Then you replace the constants by unknown functions $A(x)$ and $B(x)$ and you look for a particular solution $y_p$ of the non-homogeneous ODE , thus satisfying : $$\begin{cases} y_p''+ 4y_p=\frac{1}{\sin(2x)} \\ y_p=A(x)\cos(2x)+B(x)\sin(2x) \end{cases}$$ $\left(A(x)\cos(2x)+B(x)\sin(2x)\right)''+4\left(A(x)\cos(2x)+B(x)\sin(2x)\right)=\frac{1}{\sin(2x)} $

Note that you have two unknows $A(x)$ and $B(x)$ but only one equation.
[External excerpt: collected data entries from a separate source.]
lemma nn_integral_knock_out_Spath_Suc:
  assumes [measurable]: "f \<in> borel_measurable borel"
  shows "(\<integral>\<^sup>+z. knock_out B n (Spath S0 mu sig dt z)
              (killed_transition B mu sig dt f (Spath S0 mu sig dt z n)) \<partial>PiM {0..<n} (\<lambda>_. std_normal))
       = (\<integral>\<^sup>+z. knock_out B (Suc n) (Spath S0 mu sig dt z) (f (Spath S0 mu sig dt z (Suc n)))
            \<partial>PiM {0..<Suc n} (\<lambda>_. std_normal))"
proof -
  have [measurable]: "(\<lambda>z. Spath S0 mu sig dt z (Suc n)) \<in> borel_measurable (PiM {0..<Suc n} (\<lambda>_. std_normal))"
    by (simp add: measurable_Spath)
  have "(\<lambda>z. knock_out B (Suc n) (Spath S0 mu sig dt z) (f (Spath S0 mu sig dt z (Suc n))))
      \<in> borel_measurable (PiM {0..<Suc n} (\<lambda>_. std_normal))"
    by measurable
  then have meas: "(\<lambda>z. knock_out B (Suc n) (Spath S0 mu sig dt z) (f (Spath S0 mu sig dt z (Suc n))))
      \<in> borel_measurable (PiM (insert n {0..<n}) (\<lambda>_. std_normal))"
    by (simp add: atLeastLessThanSuc insert_commute)
  have Spath_upd: "Spath S0 mu sig dt (z(n := y)) j = Spath S0 mu sig dt z j" if "j \<le> n" for z y j
    using that by (intro Spath_cong) simp
  have "(\<integral>\<^sup>+z. knock_out B (Suc n) (Spath S0 mu sig dt z) (f (Spath S0 mu sig dt z (Suc n)))
            \<partial>PiM (insert n {0..<n}) (\<lambda>_. std_normal))
      = (\<integral>\<^sup>+z. \<integral>\<^sup>+y. knock_out B n (Spath S0 mu sig dt z)
            (if gbm_step mu sig dt (Spath S0 mu sig dt z n) y \<le> B
             then f (gbm_step mu sig dt (Spath S0 mu sig dt z n) y) else 0) \<partial>std_normal
          \<partial>PiM {0..<n} (\<lambda>_. std_normal))"
    by (subst std_normal_product.product_nn_integral_insert[OF _ _ meas])
      (auto intro!: nn_integral_cong simp: knock_out_Suc Spath_Suc_gbm_step Spath_upd
        cong: knock_out_cong)
  then show ?thesis
    by (simp add: nn_integral_knock_out killed_transition_def atLeastLessThanSuc insert_commute)
qed

lemma nn_integral_Su_eq_knock_out_Spath:
  assumes "0 < dt" "0 < sig" "0 < S0" "0 < B" and "f \<in> borel_measurable borel"
  shows "(\<integral>\<^sup>+u. ennreal (\<Prod>t<n. p_u S0 B mu sig dt u t) * f (Su S0 B mu sig dt u n)
            \<partial>PiM {1..n} (\<lambda>_. lborel_01))
       = (\<integral>\<^sup>+z. knock_out B n (Spath S0 mu sig dt z) (f (Spath S0 mu sig dt z n))
            \<partial>PiM {0..<n} (\<lambda>_. std_normal))"
  using assms(5)
proof (induction n arbitrary: f)
  case 0
  then show ?case by (simp add: PiM_empty)
next
  case (Suc n)
  note IH = Suc.IH[OF borel_measurable_killed_transition[OF Suc.prems]]
  show ?case
    using nn_integral_Su_Suc[OF assms(1-4) Suc.prems] IH
      nn_integral_knock_out_Spath_Suc[OF Suc.prems]
    by (simp only:)
qed
text \<open>
  After k iterations the configuration is m raised by one on each of the windows
  W_1, ..., W_k; its z-profile differs from the original one only by +1 at iL and iR and
  by -1 at iL + k and iR - k. Hence site i keeps the maximum M = z_i, the sites of W_(k+1)
  have z > M - 1 and the two sites just outside have z <= M - 1. Jumping i lifts its two
  neighbours above M, and from then on the jumped sites form an arc whose two outer
  neighbours are the only sites above M as long as they lie in W_(k+1): the avalanche fills
  W_(k+1) one site at a time and stops. When the window wraps around the circle (iR = iL + L)
  the sites iL and iR coincide and need z_iL <= M - 2, which is where non-threshold enters:
  a configuration with smaller maximum would have a Laplacian increment bounded by a dipole,
  which is impossible for a periodic integer function.
\<close>

section \<open>Periodicity, maximum and maximiser\<close>

lemma mod_eq_imp_eq_if_close:
  fixes y a :: int
  assumes "y mod int L = a mod int L" and "\<bar>y - a\<bar> < int L"
  shows "y = a"
proof (rule ccontr)
  assume "y \<noteq> a"
  moreover have "int L dvd y - a" using assms(1) by (simp add: mod_eq_dvd_iff)
  ultimately have "\<bar>int L\<bar> \<le> \<bar>y - a\<bar>" by (intro dvd_imp_le_int) auto
  then show False using assms(2) by simp
qed
lemma gen_group_mult:
  assumes "g \<in> gen_group S" "h \<in> gen_group S"
  shows "g ** h \<in> gen_group S"
  using assms
  by (induction g rule: gen_group.induct) (auto simp flip: matrix_mul_assoc intro:
      gen_group.intros)

lemma gen_group_generator:
  assumes "g \<in> S"
  shows "g \<in> gen_group S" and "matrix_inv g \<in> gen_group S"
  using gen_mul[OF assms gen_one] gen_inv[OF assms gen_one] by simp_all

lemma gen_group_subset_unitary2:
  assumes "S \<subseteq> unitary2"
  shows "gen_group S \<subseteq> unitary2"
proof
  fix g assume "g \<in> gen_group S"
  then show "g \<in> unitary2"
  proof (induction g rule: gen_group.induct)
    case gen_one
    show ?case by (simp add: unitary2_mat)
  next
    case (gen_mul g h)
    then show ?case using assms by (blast intro: unitary2_mult)
  next
    case (gen_inv g h)
    then have "g \<in> unitary2" using assms by blast
    then show ?case
      using gen_inv by (simp add: unitary2_matrix_inv unitary2_cadjoint unitary2_mult)
  qed
qed

section \<open>Unit quaternions and SU(2)\<close>

text \<open>The quaternion a + v$1 i + v$2 j + v$3 k as a complex 2x2 matrix; the unit quaternions are
  exactly SU(2).\<close>

definition qmat :: "real \<Rightarrow> real^3 \<Rightarrow> complex^2^2" where
  "qmat a v =
     mat2 (Complex a (v$1)) (Complex (- v$2) (v$3)) (Complex (v$2) (v$3)) (Complex a (- v$1))"

lemma qmat_eq_iff: "qmat a v = qmat b w \<longleftrightarrow> a = b \<and> v = w"
  unfolding qmat_def mat2_eq_iff by (auto simp: vec_eq_iff forall_3)
definition tau_cont_rm :: "nat \<Rightarrow> nat set set pmf \<Rightarrow> real \<Rightarrow> real \<Rightarrow> nat" where
  "tau_cont_rm n D K eps = (LEAST t. rm_smoothing_whp n D K eps t)"

(* discrete protocol, one round with matching M and coin flips b (one per edge):
   both endpoints get floor((x_u+x_v)/2); if the sum is odd the excess token goes
   to the smaller endpoint of e if b e, to the larger one otherwise. *)
definition disc_step :: "nat set set \<Rightarrow> (nat set \<Rightarrow> bool) \<Rightarrow> (nat \<Rightarrow> int) \<Rightarrow> (nat \<Rightarrow> int)" where
  "disc_step M b x = (\<lambda>w.
     if \<exists>v. {w, v} \<in> M then
       (let v = (THE v. {w, v} \<in> M); s = x w + x v
        in s div 2 + (if odd s \<and> (b {w, v} \<longleftrightarrow> w = min w v) then 1 else 0))
     else x w)"

definition disc_step_pmf :: "nat set set \<Rightarrow> (nat \<Rightarrow> int) \<Rightarrow> (nat \<Rightarrow> int) pmf" where
  "disc_step_pmf M x =
     map_pmf (\<lambda>b. disc_step M b x) (Pi_pmf M False (\<lambda>_. bernoulli_pmf (1/2)))"

(* discrete process: round t+1 uses a matching drawn from Sched t, independently of
   everything before; the coin flips are fresh and independent. *)
fun disc_run :: "(nat \<Rightarrow> nat set set pmf) \<Rightarrow> (nat \<Rightarrow> int) \<Rightarrow> nat \<Rightarrow> (nat \<Rightarrow> int) pmf" where
  "disc_run Sched x0 0 = return_pmf x0"
| "disc_run Sched x0 (Suc t) =
     bind_pmf (disc_run Sched x0 t) (\<lambda>x. bind_pmf (Sched t) (\<lambda>M. disc_step_pmf M x))"
lemma convex_hull_insert_zero_image:
  fixes \<beta> :: "'b \<Rightarrow> 'a::real_vector"
  assumes "finite I" and "inj_on \<beta> I" and "0 \<notin> \<beta> ` I"
  shows "convex hull (insert 0 (\<beta> ` I)) = {\<Sum>k\<in>I. g k *\<^sub>R \<beta> k | g. (\<forall>k\<in>I. 0 \<le> g k) \<and> sum g I \<le> 1}"
proof (intro equalityI subsetI)
  fix y
  assume "y \<in> convex hull (insert 0 (\<beta> ` I))"
  then obtain w where w: "\<forall>x\<in>insert 0 (\<beta> ` I). 0 \<le> w x" "sum w (insert 0 (\<beta> ` I)) = 1"
    "(\<Sum>x\<in>insert 0 (\<beta> ` I). w x *\<^sub>R x) = y"
    using convex_hull_finite[of "insert 0 (\<beta> ` I)"] assms(1) by auto
  have "y = (\<Sum>k\<in>I. w (\<beta> k) *\<^sub>R \<beta> k)"
    using w(3) assms by (simp add: sum.reindex)
  moreover have "(\<Sum>k\<in>I. w (\<beta> k)) \<le> 1"
    using w(1,2) assms by (simp add: sum.reindex)
  ultimately show "y \<in> {\<Sum>k\<in>I. g k *\<^sub>R \<beta> k | g. (\<forall>k\<in>I. 0 \<le> g k) \<and> sum g I \<le> 1}"
    using w(1) by (intro CollectI exI[of _ "\<lambda>k. w (\<beta> k)"]) auto
next
  fix y
  assume "y \<in> {\<Sum>k\<in>I. g k *\<^sub>R \<beta> k | g. (\<forall>k\<in>I. 0 \<le> g k) \<and> sum g I \<le> 1}"
  then obtain g where g: "\<forall>k\<in>I. 0 \<le> g k" "sum g I \<le> 1" "y = (\<Sum>k\<in>I. g k *\<^sub>R \<beta> k)"
    by blast
  define w where "w x = (if x = 0 then 1 - sum g I else g (inv_into I \<beta> x))" for x
  have w\<beta>: "w (\<beta> k) = g k" if "k \<in> I" for k
    using that assms(2,3) by (auto simp: w_def)
  have "\<forall>x\<in>insert 0 (\<beta> ` I). 0 \<le> w x"
    using g(1,2) w\<beta> by (auto simp: w_def)
  moreover have "sum w (insert 0 (\<beta> ` I)) = 1"
    using assms w\<beta> by (simp add: sum.reindex w_def[of 0])
  moreover have "(\<Sum>x\<in>insert 0 (\<beta> ` I). w x *\<^sub>R x) = y"
    using assms w\<beta> g(3) by (simp add: sum.reindex)
  ultimately show "y \<in> convex hull (insert 0 (\<beta> ` I))"
    using convex_hull_finite[of "insert 0 (\<beta> ` I)"] assms(1) by auto
qed

lemma cone_hull_convex_hull_insert_zero_image:
  fixes \<beta> :: "'b \<Rightarrow> 'a::real_vector"
  assumes "finite I" and "inj_on \<beta> I" and "0 \<notin> \<beta> ` I"
  shows "cone hull (convex hull (insert 0 (\<beta> ` I))) = {\<Sum>k\<in>I. g k *\<^sub>R \<beta> k | g. \<forall>k\<in>I. 0 \<le> g k}"
proof (intro equalityI subsetI)
  fix y
  assume "y \<in> cone hull (convex hull (insert 0 (\<beta> ` I)))"
  then obtain t g where "0 \<le> t" "\<forall>k\<in>I. 0 \<le> g k" "y = t *\<^sub>R (\<Sum>k\<in>I. g k *\<^sub>R \<beta> k)"
    unfolding cone_hull_expl convex_hull_insert_zero_image[OF assms] by blast
  then show "y \<in> {\<Sum>k\<in>I. g k *\<^sub>R \<beta> k | g. \<forall>k\<in>I. 0 \<le> g k}"
    by (intro CollectI exI[of _ "\<lambda>k. t * g k"]) (simp add: scaleR_sum_right)
next
  fix y
  assume "y \<in> {\<Sum>k\<in>I. g k *\<^sub>R \<beta> k | g. \<forall>k\<in>I. 0 \<le> g k}"
  then obtain g where g: "\<forall>k\<in>I. 0 \<le> g k" "y = (\<Sum>k\<in>I. g k *\<^sub>R \<beta> k)"
    by blast
  define t where "t = sum g I + 1"
  have t: "0 < t"
    unfolding t_def using g(1) sum_nonneg[of I g] by auto
  have "(\<Sum>k\<in>I. (g k / t) *\<^sub>R \<beta> k) \<in> convex hull (insert 0 (\<beta> ` I))"
    unfolding convex_hull_insert_zero_image[OF assms] using g(1) t
    by (intro CollectI exI[of _ "\<lambda>k. g k / t"]) (auto simp: t_def simp flip: sum_divide_distrib)
  moreover have "y = t *\<^sub>R (\<Sum>k\<in>I. (g k / t) *\<^sub>R \<beta> k)"
    using g(2) t by (simp add: scaleR_sum_right)
  ultimately show "y \<in> cone hull (convex hull (insert 0 (\<beta> ` I)))"
    unfolding cone_hull_expl using t by (auto intro!: exI[of _ t])
qed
So, you are allowed to add an arbitrary relationship between $A(x)$ and $B(x)$. This will be useful later for simplification.

$y_p'=A'\cos(2x)+B'\sin(2x)-2A\sin(2x)+2B\cos(2x)$

$y_p''=A''\cos(2x)+B''\sin(2x)-4A'\sin(2x)+4B'\cos(2x)-4A\cos(2x)+4B\sin(2x)$

$$y_p''+ 4y_p=A''\cos(2x)+B''\sin(2x)-4A'\sin(2x)+4B'\cos(2x)=\frac{1}{\sin(2x)}$$

Using

$\left(A'\cos(2x)+B'\sin(2x)\right)'=A''\cos(2x)+B''\sin(2x)-2A'\sin(2x)+2B'\cos(2x)$

the equation becomes :

$$\left(A'\cos(2x)+B'\sin(2x)\right)'-2A'\sin(2x)+2B'\cos(2x)=\frac{1}{\sin(2x)}$$

At this point, the advantage to introduce an relationship between $A(x)$ and $B(x)$ appears :

Let : $$A'\cos(2x)+B'\sin(2x)=0$$

The equation becomes much simpler : $$-2A'\sin(2x)+2B'\cos(2x)=\frac{1}{\sin(2x)}$$

So, you get the system $(1)$ of two ODEs allowing to compute $A(x)$ and $B(x)$ and then the particular solution $y_p(x)$ and the general solution $ y(x)=y_h(x)+y_p(x)$.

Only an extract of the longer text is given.